I really like Mapnificent London even though the interface is a little slow. This map shows the areas you can reach by public transport in a given period of time (with and without a bike). I don’t know how accurate it is but no doubt in time the timetables and other data available will get smarter and this kind of site will become common place. At the moment looks pretty good to me, maybe you have seen a better implementation?

twitter

Those of you who know me know that I love twitter and of course I am quite keen on geo so mapping the twittersphere should be right up my street. Unfortunately several of the attempts to parse wisdom from the location of tweets are off with the fairies.

These Urbagrams seem pretty pointless to me but you may like that as a form of post Lichtenstein art form or maybe it’s Seurat

These tweetographs from the team at CASA are certainly pretty but are they telling us anything more than people with geolocated devices who tweet tend to concentrate close to the centre of cities?

There are a couple of examples of trying to mine the sentiments of tweets that I will try to find and post shortly

Historic Maps

These old maps of Bristol are presented in a really neat, if somewhat fiddly, interface. You need silverlight to get the best out of the site but well worth it. Try setting one time as the base and another as the spyglass and then explore.

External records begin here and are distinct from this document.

lemma measure_le_of_density_moment_le:
  assumes "density_moment_le P Q \<alpha> C" "prob_space P" "prob_space Q"
    and X: "X \<in> sets Q" and t: "0 < t" and \<alpha>: "1 < \<alpha>" and "0 \<le> C"
  shows "measure P X \<le> t * measure Q X + t powr (1 - \<alpha>) * C"
proof -
  interpret P: prob_space P by fact
  interpret Q: prob_space Q by fact
  obtain f where f[measurable]: "f \<in> borel_measurable Q" and f_nonneg: "\<And>x. 0 \<le> f x"
    and P: "P = density Q (\<lambda>x. ennreal (f x))" and moment: "(\<integral>\<^sup>+x. ennreal (f x powr \<alpha>) \<partial>Q) \<le> ennreal C"
    using assms(1) by (auto simp: density_moment_le_def)
  have "emeasure P X = (\<integral>\<^sup>+x. ennreal (f x) * indicator X x \<partial>Q)"
    unfolding P by (rule emeasure_density) (use X in simp_all)
  also have "\<dots> \<le> (\<integral>\<^sup>+x. ennreal t * indicator X x + ennreal (t powr (1 - \<alpha>)) * ennreal (f x powr \<alpha>) \<partial>Q)"
  proof (rule nn_integral_mono)
    fix x
    have "ennreal (f x) \<le> ennreal t + ennreal (t powr (1 - \<alpha>)) * ennreal (f x powr \<alpha>)"
      using le_add_powr[OF f_nonneg t \<alpha>, of x] t by (simp add: ennreal_leI flip: ennreal_mult ennreal_plus)
    then show "ennreal (f x) * indicator X x \<le> ennreal t * indicator X x + ennreal (t powr (1 - \<alpha>)) * ennreal (f x powr \<alpha>)"
      by (cases "x \<in> X") auto
  qed
  also have "\<dots> = ennreal t * emeasure Q X + ennreal (t powr (1 - \<alpha>)) * (\<integral>\<^sup>+x. ennreal (f x powr \<alpha>) \<partial>Q)"
    using X by (simp add: nn_integral_add nn_integral_cmult nn_integral_cmult_indicator)
  also have "\<dots> \<le> ennreal (t * measure Q X + t powr (1 - \<alpha>) * C)"
    using moment t \<open>0 \<le> C\<close>
    by (simp add: Q.emeasure_eq_measure ennreal_mult ennreal_plus add_left_mono mult_left_mono)
  finally have "ennreal (measure P X) \<le> ennreal (t * measure Q X + t powr (1 - \<alpha>) * C)"
    by (simp only: P.emeasure_eq_measure)
  moreover have "0 \<le> t * measure Q X + t powr (1 - \<alpha>) * C"
    using t \<open>0 \<le> C\<close> by simp
  ultimately show ?thesis by (simp only: ennreal_le_iff)
qed

lemma measure_le_of_zcdp:
  assumes zcdp: "\<And>\<alpha>. 1 < \<alpha> \<Longrightarrow> density_moment_le P Q \<alpha> (exp (\<alpha> * (\<alpha> - 1) * \<rho>))"
    and "prob_space P" "prob_space Q" "X \<in> sets Q" and "0 < \<rho>" "0 < \<delta>" "\<delta> < 1"
  shows "measure P X \<le> exp (\<rho> + 2 * sqrt (\<rho> * ln (1 / \<delta>))) * measure Q X + \<delta>"
proof -
  define L where "L = ln (1 / \<delta>)"
  define \<alpha> where "\<alpha> = 1 + sqrt (L / \<rho>)"
  define \<epsilon> where "\<epsilon> = \<rho> + 2 * sqrt (\<rho> * L)"
  have "0 < L" "1 < \<alpha>" using assms by (simp_all add: L_def \<alpha>_def)
  have "measure P X \<le> exp \<epsilon> * measure Q X + exp \<epsilon> powr (1 - \<alpha>) * exp (\<alpha> * (\<alpha> - 1) * \<rho>)"
    using assms \<open>1 < \<alpha>\<close> by (intro measure_le_of_density_moment_le zcdp) auto
  also have "exp \<epsilon> powr (1 - \<alpha>) * exp (\<alpha> * (\<alpha> - 1) * \<rho>) = exp ((\<alpha> - 1)\<^sup>2 * \<rho> - 2 * (\<alpha> - 1) * sqrt (\<rho> * L))"
    by (simp add: powr_def \<epsilon>_def power2_eq_square algebra_simps flip: exp_add)
  also have "(\<alpha> - 1)\<^sup>2 * \<rho> - 2 * (\<alpha> - 1) * sqrt (\<rho> * L) = - L"
  proof -
    have "(\<alpha> - 1)\<^sup>2 * \<rho> = L" "(\<alpha> - 1) * sqrt (\<rho> * L) = L"
      using \<open>0 < L\<close> \<open>0 < \<rho>\<close> by (simp_all add: \<alpha>_def real_sqrt_mult[symmetric] real_sqrt_mult_self)
    then show ?thesis by (simp add: algebra_simps)
  qed
  also have "exp (- L) = \<delta>"
    using \<open>0 < \<delta>\<close> by (simp add: L_def ln_div)
  finally show ?thesis
    by (simp only: \<epsilon>_def L_def)
qed

section \<open>Kernels that keep their input\<close>

lemma AE_eq_of_distr_eq_return:
  fixes g :: "'b \<Rightarrow> ennreal"
  assumes fibre: "distr \<mu> M \<pi> = return M s" and s: "s \<in> space M"
    and [measurable]: "\<pi> \<in> \<mu> \<rightarrow>\<^sub>M M" "g \<in> borel_measurable M"
  shows "AE t in \<mu>. g (\<pi> t) = g s"
proof -
  have "AE y in return M s. g y = g s"
    using s by (subst AE_return) simp_all
  then have "AE y in distr \<mu> M \<pi>. g y = g s"
    unfolding fibre .
  then show ?thesis
    by (subst (asm) AE_distr_iff) simp_all
qed

lemma nn_integral_fibre_cmult:
  fixes g \<psi> :: "_ \<Rightarrow> ennreal"
  assumes "distr \<mu> M \<pi> = return M s" "s \<in> space M" "\<pi> \<in> \<mu> \<rightarrow>\<^sub>M M" "g \<in> borel_measurable M"
    and "\<psi> \<in> borel_measurable \<mu>"
  shows "(\<integral>\<^sup>+t. g (\<pi> t) * \<psi> t \<partial>\<mu>) = g s * (\<integral>\<^sup>+t. \<psi> t \<partial>\<mu>)"
proof -
  have "(\<integral>\<^sup>+t. g (\<pi> t) * \<psi> t \<partial>\<mu>) = (\<integral>\<^sup>+t. g s * \<psi> t \<partial>\<mu>)"
    using AE_eq_of_distr_eq_return[OF assms(1-4)] by (intro nn_integral_cong_AE) auto
  also have "\<dots> = g s * (\<integral>\<^sup>+t. \<psi> t \<partial>\<mu>)"
    using assms(5) by (rule nn_integral_cmult)
  finally show ?thesis .
qed

lemma distr_bind_fibre:
  assumes P: "P \<in> space (prob_algebra M)" and K: "K \<in> M \<rightarrow>\<^sub>M prob_algebra N"
    and \<pi>: "\<pi> \<in> N \<rightarrow>\<^sub>M M" and fibre: "\<And>s. s \<in> space M \<Longrightarrow> distr (K s) M \<pi> = return M s"
  shows "distr (bind P K) M \<pi> = P"
proof -
  have sets_P: "sets P = sets M" and "prob_space P"
    using P by (auto simp: space_prob_algebra)
  interpret prob_space P by fact
  have K': "K \<in> P \<rightarrow>\<^sub>M subprob_algebra N"
    using measurable_prob_algebraD[OF K] by (simp add: measurable_cong_sets[OF sets_P refl])
  have "distr (bind P K) M \<pi> = bind P (\<lambda>s. distr (K s) M \<pi>)"
    by (rule distr_bind[OF K' not_empty \<pi>])
  also have "\<dots> = bind P (return M)"
    using fibre sets_eq_imp_space_eq[OF sets_P] by (intro bind_cong) auto
  also have "\<dots> = P"
    by (rule bind_return''[OF sets_P])
  finally show ?thesis .
qed

lemma bind_density_fibre:
  fixes f :: "_ \<Rightarrow> ennreal"
  assumes Q: "Q \<in> space (prob_algebra M)" and K: "K \<in> M \<rightarrow>\<^sub>M prob_algebra N"
    and \<pi>[measurable]: "\<pi> \<in> N \<rightarrow>\<^sub>M M" and fibre: "\<And>s. s \<in> space M \<Longrightarrow> distr (K s) M \<pi> = return M s"
    and f[measurable]: "f \<in> borel_measurable M"
  shows "bind (density Q f) K = density (bind Q K) (\<lambda>t. f (\<pi> t))"
proof -
  have sets_Q: "sets Q = sets M" and "prob_space Q"
    using Q by (auto simp: space_prob_algebra)
  interpret prob_space Q by fact
  have space_Q: "space Q = space M" using sets_eq_imp_space_eq[OF sets_Q] .
  have K_sub: "K \<in> M \<rightarrow>\<^sub>M subprob_algebra N" by (rule measurable_prob_algebraD[OF K])
  have KQ: "K \<in> Q \<rightarrow>\<^sub>M subprob_algebra N" and Kd: "K \<in> density Q f \<rightarrow>\<^sub>M subprob_algebra N"
    using K_sub by (simp_all add: measurable_cong_sets[OF sets_Q refl])
  have sets_QK: "sets (bind Q K) = sets N" and sets_dK: "sets (bind (density Q f) K) = sets N"
    by (simp_all add: sets_bind_measurable[OF KQ] sets_bind_measurable[OF Kd] not_empty)
  show ?thesis
  proof (rule measure_eqI)
    show "sets (bind (density Q f) K) = sets (density (bind Q K) (\<lambda>t. f (\<pi> t)))"
      by (simp add: sets_QK sets_dK)
  next
    fix X assume "X \<in> sets (bind (density Q f) K)"
    then have X[measurable]: "X \<in> sets N" by (simp add: sets_dK)
    have "emeasure (bind (density Q f) K) X = (\<integral>\<^sup>+s. emeasure (K s) X \<partial>density Q f)"
      by (rule emeasure_bind[OF _ Kd X]) (simp add: not_empty)
    also have "\<dots> = (\<integral>\<^sup>+s. f s * emeasure (K s) X \<partial>Q)"
      using measurable_emeasure_kernel[OF K_sub X]
      by (intro nn_integral_density) (simp_all add: measurable_cong_sets[OF sets_Q refl])
    also have "\<dots> = (\<integral>\<^sup>+s. \<integral>\<^sup>+t. f (\<pi> t) * indicator X t \<partial>K s \<partial>Q)"
    proof (intro nn_integral_cong)
      fix s assume "s \<in> space Q"
      then have s: "s \<in> space M" by (simp add: space_Q)
      have sets_Ks: "sets (K s) = sets N"
        using measurable_space[OF K s] by (simp add: space_prob_algebra)
      have "\<pi> \<in> K s \<rightarrow>\<^sub>M M" "indicator X \<in> borel_measurable (K s)" "X \<in> sets (K s)"
        by (simp_all add: measurable_cong_sets[OF sets_Ks refl] sets_Ks)
      then show "f s * emeasure (K s) X = (\<integral>\<^sup>+t. f (\<pi> t) * indicator X t \<partial>K s)"
        using nn_integral_fibre_cmult[OF fibre[OF s] s, of f "indicator X"] by simp
    qed
    also have "\<dots> = (\<integral>\<^sup>+t. f (\<pi> t) * indicator X t \<partial>bind Q K)"
      by (rule nn_integral_bind[symmetric, OF _ KQ]) measurable
    also have "\<dots> = emeasure (density (bind Q K) (\<lambda>t. f (\<pi> t))) X"
      using sets_QK by (intro emeasure_density[symmetric]) (simp_all add: measurable_cong_sets[OF sets_QK refl])
    finally show "emeasure (bind (density Q f) K) X = emeasure (density (bind Q K) (\<lambda>t. f (\<pi> t))) X" .
  qed
qed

Southwark also have some beautiful historic OS maps that CDR scanned for them and you can view integrated with their current site. Not as spectacular interface as Bristol but very clean. I am amazed at how excellent the 100 year old maps are compared to today’s latest and greatest, thumbs up to OS veterans.

Maps to print

FIND let’s you apply some styling to a Google base map or switch to OpenStreetMap or OS OpenData, add some useful admin boundaries, layers of historic buildings and stuff and then print the whole thing out as a PDF. This is neat although very Flashy, but I am not sure why I would ever want to use it.

Weather Maps

The Meteorological Office have a great beta weather map in their Invent section.

OpenData

There are surprisingly few maps using opendata that are worth a comment from a geo perspective. Many of them seem to just throw stuff on a map because they can. Whilst I am not sure that I like the way they are visualising the data sets for See-UK and the OS OpenSpace just crawls along taking for ever to render ward boundaries there is definitely some interesting tech behind this site from Seme 4

Heat Maps

Well actually fire maps from Greater London Fire Service. I am trying to work out what this map is showing, are we to assume that there is a geographic performance trend or that fires in general are geographically distributed? If so why? Does the use of a raw count of incidents that is not population or property weighted work or misinform? Probably a blog post needed.

Scottish Green Spaces Map

I love the fact that all of the councils have worked together to compile this comprehensive record of Scotland’s Green Spaces which they claim is a worldwide first. Not so keen on the fact that all of this publicly funded and created data is not open, see the reference to needing an OS license to access the raw data, what a load of tosh! The interface is cludgy and very GISlike and worst of all there is absolutely no useful data apart from the classifications. For more opinions see Andy Whightman’s article on the Guardian site

 

Sept 2011

 Twisted Maps

Danny Dorling delivered an outstanding keynote at GeoCommunity ’11 yesterday. His weird and twisted maps take some getting used because the “regular” land shapes of UK or wherever we live and know well are almost iconic images burnt into our brains and we tend to reject these images as “wrong” but of course they aren’t wrong they are just different. You can view some of his work at Views of the World. Here is an image of showing monthly average rainfall

Borrowed from http://www.viewsoftheworld.net/

I think I am in map heaven!

 Historic Map Links

Thanks to Kimberley Kowal there is now a page of Historic Map links

Oct 2011

 F*%@ yes maps

A vast array of mappiness with pictures and links to weird and wonderful map sites

Bob Dylan’s World

As an old Bob Dylan fan this map of Bob Dylan’s World shows every place he sung about (or does it?)